DATASET EXTRACT:
lemma norm_approx_projection_le:
  fixes M :: "'a::euclidean_space set"
  assumes "z \<in> M" "y \<notin> M" "z' \<in> proj_set M y"
    and "0 \<le> a" "a \<le> pi / 2" "a \<le> vec_angle (z - y) (z' - y)"
    and "0 \<le> s" "s \<le> pi / 2" "z' \<noteq> z \<Longrightarrow> pi / 2 - s \<le> vec_angle (z - z') (y - z')"
    and "norm (z' - w) \<le> \<epsilon> * norm (z - y)"
  shows "norm (w - y) \<le> (cos a + 2 * s + \<epsilon>) * norm (z - y)"
proof -
  have "z' \<in> M" using assms(3) proj_set_subset by blast
  have at_y: "(z - y) \<bullet> (z' - y) \<le> cos a * (norm (z - y) * norm (z' - y))"
    using assms \<open>z' \<in> M\<close> by (intro inner_le_cos_vec_angle) auto
  have at_z': "(z - z') \<bullet> (y - z') \<le> s * (norm (z - z') * norm (y - z'))"
  proof (cases "z' = z")
    case False
    have "(z - z') \<bullet> (y - z') \<le> cos (pi / 2 - s) * (norm (z - z') * norm (y - z'))"
      using assms \<open>z' \<in> M\<close> False by (intro inner_le_cos_vec_angle) auto
    also have "\<dots> \<le> s * (norm (z - z') * norm (y - z'))"
      using sin_x_le_x[of s] \<open>0 \<le> s\<close> by (intro mult_right_mono) (auto simp: cos_diff)
    finally show ?thesis .
  qed simp
  have "norm (z' - y) \<le> norm (z - y)"
    using proj_set_dist_le[OF assms(3,1)] by (simp add: dist_norm norm_minus_commute)
  then have "norm (z' - y) \<le> (cos a + 2 * s) * norm (z - y)"
    using at_y at_z' assms(4,5,7) cos_ge_zero[of a]
    by (intro norm_side_le_of_cos_bounds) auto
  moreover have "norm (w - y) \<le> norm (w - z') + norm (z' - y)"
    using norm_triangle_ineq[of "w - z'" "z' - y"] by simp
  ultimately show ?thesis
    using assms(10) by (simp add: norm_minus_commute algebra_simps)
qed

TASK GOAL: The whole of the material above needs to be copied exactly.

RESPONSE AREA:
lemma norm_approx_projection_le:
  fixes M :: "'a::euclidean_space set"
  assumes "z \<in> M" "y \<notin> M" "z' \<in> proj_set M y"
    and "0 \<le> a" "a \<le> pi / 2" "a \<le> vec_angle (z - y) (z' - y)"
    and "0 \<le> s" "s \<le> pi / 2" "z' \<noteq> z \<Longrightarrow> pi / 2 - s \<le> vec_angle (z - z') (y - z')"
    and "norm (z' - w) \<le> \<epsilon> * norm (z - y)"
  shows "norm (w - y) \<le> (cos a + 2 * s + \<epsilon>) * norm (z - y)"
proof -
  have "z' \<in> M" using assms(3) proj_set_subset by blast
  have at_y: "(z - y) \<bullet> (z' - y) \<le> cos a * (norm (z - y) * norm (z' - y))"
    using assms \<open>z' \<in> M\<close> by (intro inner_le_cos_vec_angle) auto
  have at_z': "(z - z') \<bullet> (y - z') \<le> s * (norm (z - z') * norm (y - z'))"
  proof (cases "z' = z")
    case False
    have "(z - z') \<bullet> (y - z') \<le> cos (pi / 2 - s) * (norm (z - z') * norm (y - z'))"
      using assms \<open>z' \<in> M\<close> False by (intro inner_le_cos_vec_angle) auto
    also have "\<dots> \<le> s * (norm (z - z') * norm (y - z'))"
      using sin_x_le_x[of s] \<open>0 \<le> s\<close> by (intro mult_right_mono) (auto simp: cos_diff)
    finally show ?thesis .
  qed simp
  have "norm (z' - y) \<le> norm (z - y)"
    using proj_set_dist_le[OF assms(3,1)] by (simp add: dist_norm norm_minus_commute)
  then have "norm (z' - y) \<le> (cos a + 2 * s) * norm (z - y)"
    using at_y at_z' assms(4,5,7) cos_ge_zero[of a]
    by (intro norm_side_le_of_cos_bounds) auto
  moreover have "norm (w - y) \<le> norm (w - z') + norm (z' - y)"
    using norm_triangle_ineq[of "w - z'" "z' - y"] by simp
  ultimately show ?thesis
    using assms(10) by (simp add: norm_minus_commute algebra_simps)
qed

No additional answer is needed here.